What the task asks:
In the listing beneath this line, copy exactly the lines starting with the one containing "by (simp add: rev_cnj_poly_def poly_of_vec_eq_0_iff)" and going on through the one containing "by (subst pow) simp_all".

*** Records provided Section Begins ***

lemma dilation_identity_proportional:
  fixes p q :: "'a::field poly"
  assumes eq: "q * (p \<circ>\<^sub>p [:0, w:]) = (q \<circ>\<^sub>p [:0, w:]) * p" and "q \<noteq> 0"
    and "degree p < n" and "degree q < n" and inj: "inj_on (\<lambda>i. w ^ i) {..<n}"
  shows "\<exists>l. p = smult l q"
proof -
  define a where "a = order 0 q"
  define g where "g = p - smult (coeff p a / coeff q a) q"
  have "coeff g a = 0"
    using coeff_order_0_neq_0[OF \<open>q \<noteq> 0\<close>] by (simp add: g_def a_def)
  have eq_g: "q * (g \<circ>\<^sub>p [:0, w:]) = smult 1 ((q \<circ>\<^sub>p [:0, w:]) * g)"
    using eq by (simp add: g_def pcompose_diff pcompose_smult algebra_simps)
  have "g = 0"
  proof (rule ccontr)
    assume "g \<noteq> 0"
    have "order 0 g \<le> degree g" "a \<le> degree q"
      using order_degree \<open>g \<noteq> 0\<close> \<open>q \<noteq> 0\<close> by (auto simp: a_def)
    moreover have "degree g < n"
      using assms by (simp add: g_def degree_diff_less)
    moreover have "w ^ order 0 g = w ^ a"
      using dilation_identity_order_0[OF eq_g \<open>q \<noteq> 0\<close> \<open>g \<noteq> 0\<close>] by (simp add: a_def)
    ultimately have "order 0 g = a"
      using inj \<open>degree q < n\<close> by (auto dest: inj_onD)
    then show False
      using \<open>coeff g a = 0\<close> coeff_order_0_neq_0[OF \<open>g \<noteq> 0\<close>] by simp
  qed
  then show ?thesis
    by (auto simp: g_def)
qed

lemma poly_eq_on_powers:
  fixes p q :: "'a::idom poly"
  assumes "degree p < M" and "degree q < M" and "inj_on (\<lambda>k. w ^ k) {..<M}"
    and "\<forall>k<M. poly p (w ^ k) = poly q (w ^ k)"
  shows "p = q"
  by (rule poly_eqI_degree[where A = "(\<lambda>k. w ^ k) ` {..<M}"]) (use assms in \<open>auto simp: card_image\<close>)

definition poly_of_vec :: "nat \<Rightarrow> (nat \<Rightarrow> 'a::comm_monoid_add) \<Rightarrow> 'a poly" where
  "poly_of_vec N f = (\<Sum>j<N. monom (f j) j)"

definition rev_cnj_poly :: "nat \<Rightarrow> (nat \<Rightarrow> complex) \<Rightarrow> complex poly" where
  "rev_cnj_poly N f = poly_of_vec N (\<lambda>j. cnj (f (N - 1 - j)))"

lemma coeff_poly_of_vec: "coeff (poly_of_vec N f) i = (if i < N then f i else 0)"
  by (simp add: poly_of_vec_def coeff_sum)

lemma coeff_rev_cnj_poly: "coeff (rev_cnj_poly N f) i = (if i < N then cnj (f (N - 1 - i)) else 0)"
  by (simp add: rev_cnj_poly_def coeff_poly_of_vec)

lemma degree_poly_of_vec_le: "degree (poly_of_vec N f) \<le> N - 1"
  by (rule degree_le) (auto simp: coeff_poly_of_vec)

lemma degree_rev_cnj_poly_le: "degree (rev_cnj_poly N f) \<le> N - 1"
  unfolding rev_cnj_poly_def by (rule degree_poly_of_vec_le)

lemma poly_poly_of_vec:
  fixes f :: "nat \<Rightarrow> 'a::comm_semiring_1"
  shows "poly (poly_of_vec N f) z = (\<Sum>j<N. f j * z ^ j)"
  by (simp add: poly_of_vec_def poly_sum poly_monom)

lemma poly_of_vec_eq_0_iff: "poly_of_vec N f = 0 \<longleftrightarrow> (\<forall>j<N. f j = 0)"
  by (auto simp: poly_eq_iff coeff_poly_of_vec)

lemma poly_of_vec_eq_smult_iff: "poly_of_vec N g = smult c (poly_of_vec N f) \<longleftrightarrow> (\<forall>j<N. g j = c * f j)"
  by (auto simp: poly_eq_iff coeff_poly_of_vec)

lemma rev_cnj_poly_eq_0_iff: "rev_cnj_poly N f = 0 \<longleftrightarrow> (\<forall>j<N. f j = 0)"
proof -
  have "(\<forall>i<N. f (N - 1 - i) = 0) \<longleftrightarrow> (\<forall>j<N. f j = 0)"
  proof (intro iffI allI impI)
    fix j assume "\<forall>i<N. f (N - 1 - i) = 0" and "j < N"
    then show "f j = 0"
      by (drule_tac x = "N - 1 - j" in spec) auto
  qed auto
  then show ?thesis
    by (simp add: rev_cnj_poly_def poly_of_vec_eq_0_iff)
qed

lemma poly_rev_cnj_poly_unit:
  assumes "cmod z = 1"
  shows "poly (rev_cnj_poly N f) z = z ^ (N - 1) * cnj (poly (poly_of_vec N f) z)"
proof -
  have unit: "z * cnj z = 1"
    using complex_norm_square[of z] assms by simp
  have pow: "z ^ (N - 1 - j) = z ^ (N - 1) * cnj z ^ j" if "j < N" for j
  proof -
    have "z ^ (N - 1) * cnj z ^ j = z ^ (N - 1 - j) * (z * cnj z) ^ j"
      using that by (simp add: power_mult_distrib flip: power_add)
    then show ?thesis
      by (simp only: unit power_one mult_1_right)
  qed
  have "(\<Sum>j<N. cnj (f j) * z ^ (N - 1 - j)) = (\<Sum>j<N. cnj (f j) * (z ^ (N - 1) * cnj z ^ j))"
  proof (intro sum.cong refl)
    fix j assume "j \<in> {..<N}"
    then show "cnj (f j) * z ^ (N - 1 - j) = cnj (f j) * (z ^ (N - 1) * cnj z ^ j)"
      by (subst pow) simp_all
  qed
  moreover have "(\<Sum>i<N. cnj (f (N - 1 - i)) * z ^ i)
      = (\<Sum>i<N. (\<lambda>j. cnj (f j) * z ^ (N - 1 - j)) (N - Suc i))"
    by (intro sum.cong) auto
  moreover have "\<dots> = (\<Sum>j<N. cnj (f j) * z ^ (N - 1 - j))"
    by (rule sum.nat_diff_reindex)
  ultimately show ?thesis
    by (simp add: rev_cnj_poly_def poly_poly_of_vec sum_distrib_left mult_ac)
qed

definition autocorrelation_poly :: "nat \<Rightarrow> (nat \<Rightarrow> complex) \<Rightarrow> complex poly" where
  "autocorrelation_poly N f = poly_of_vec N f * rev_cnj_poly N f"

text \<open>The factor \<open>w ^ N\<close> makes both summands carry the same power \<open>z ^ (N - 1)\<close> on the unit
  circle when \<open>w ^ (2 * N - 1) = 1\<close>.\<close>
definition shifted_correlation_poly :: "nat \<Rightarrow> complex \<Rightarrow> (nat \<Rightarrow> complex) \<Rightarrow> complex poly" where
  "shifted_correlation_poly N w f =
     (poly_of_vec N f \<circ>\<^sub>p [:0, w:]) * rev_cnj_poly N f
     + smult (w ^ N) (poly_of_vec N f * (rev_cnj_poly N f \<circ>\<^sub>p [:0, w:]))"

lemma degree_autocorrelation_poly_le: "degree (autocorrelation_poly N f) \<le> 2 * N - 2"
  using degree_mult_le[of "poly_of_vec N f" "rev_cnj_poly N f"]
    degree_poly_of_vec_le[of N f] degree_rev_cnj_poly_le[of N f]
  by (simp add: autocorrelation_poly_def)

*** Records provided Section Ends ***

Result:
    by (simp add: rev_cnj_poly_def poly_of_vec_eq_0_iff)
qed

lemma poly_rev_cnj_poly_unit:
  assumes "cmod z = 1"
  shows "poly (rev_cnj_poly N f) z = z ^ (N - 1) * cnj (poly (poly_of_vec N f) z)"
proof -
  have unit: "z * cnj z = 1"
    using complex_norm_square[of z] assms by simp
  have pow: "z ^ (N - 1 - j) = z ^ (N - 1) * cnj z ^ j" if "j < N" for j
  proof -
    have "z ^ (N - 1) * cnj z ^ j = z ^ (N - 1 - j) * (z * cnj z) ^ j"
      using that by (simp add: power_mult_distrib flip: power_add)
    then show ?thesis
      by (simp only: unit power_one mult_1_right)
  qed
  have "(\<Sum>j<N. cnj (f j) * z ^ (N - 1 - j)) = (\<Sum>j<N. cnj (f j) * (z ^ (N - 1) * cnj z ^ j))"
  proof (intro sum.cong refl)
    fix j assume "j \<in> {..<N}"
    then show "cnj (f j) * z ^ (N - 1 - j) = cnj (f j) * (z ^ (N - 1) * cnj z ^ j)"
      by (subst pow) simp_all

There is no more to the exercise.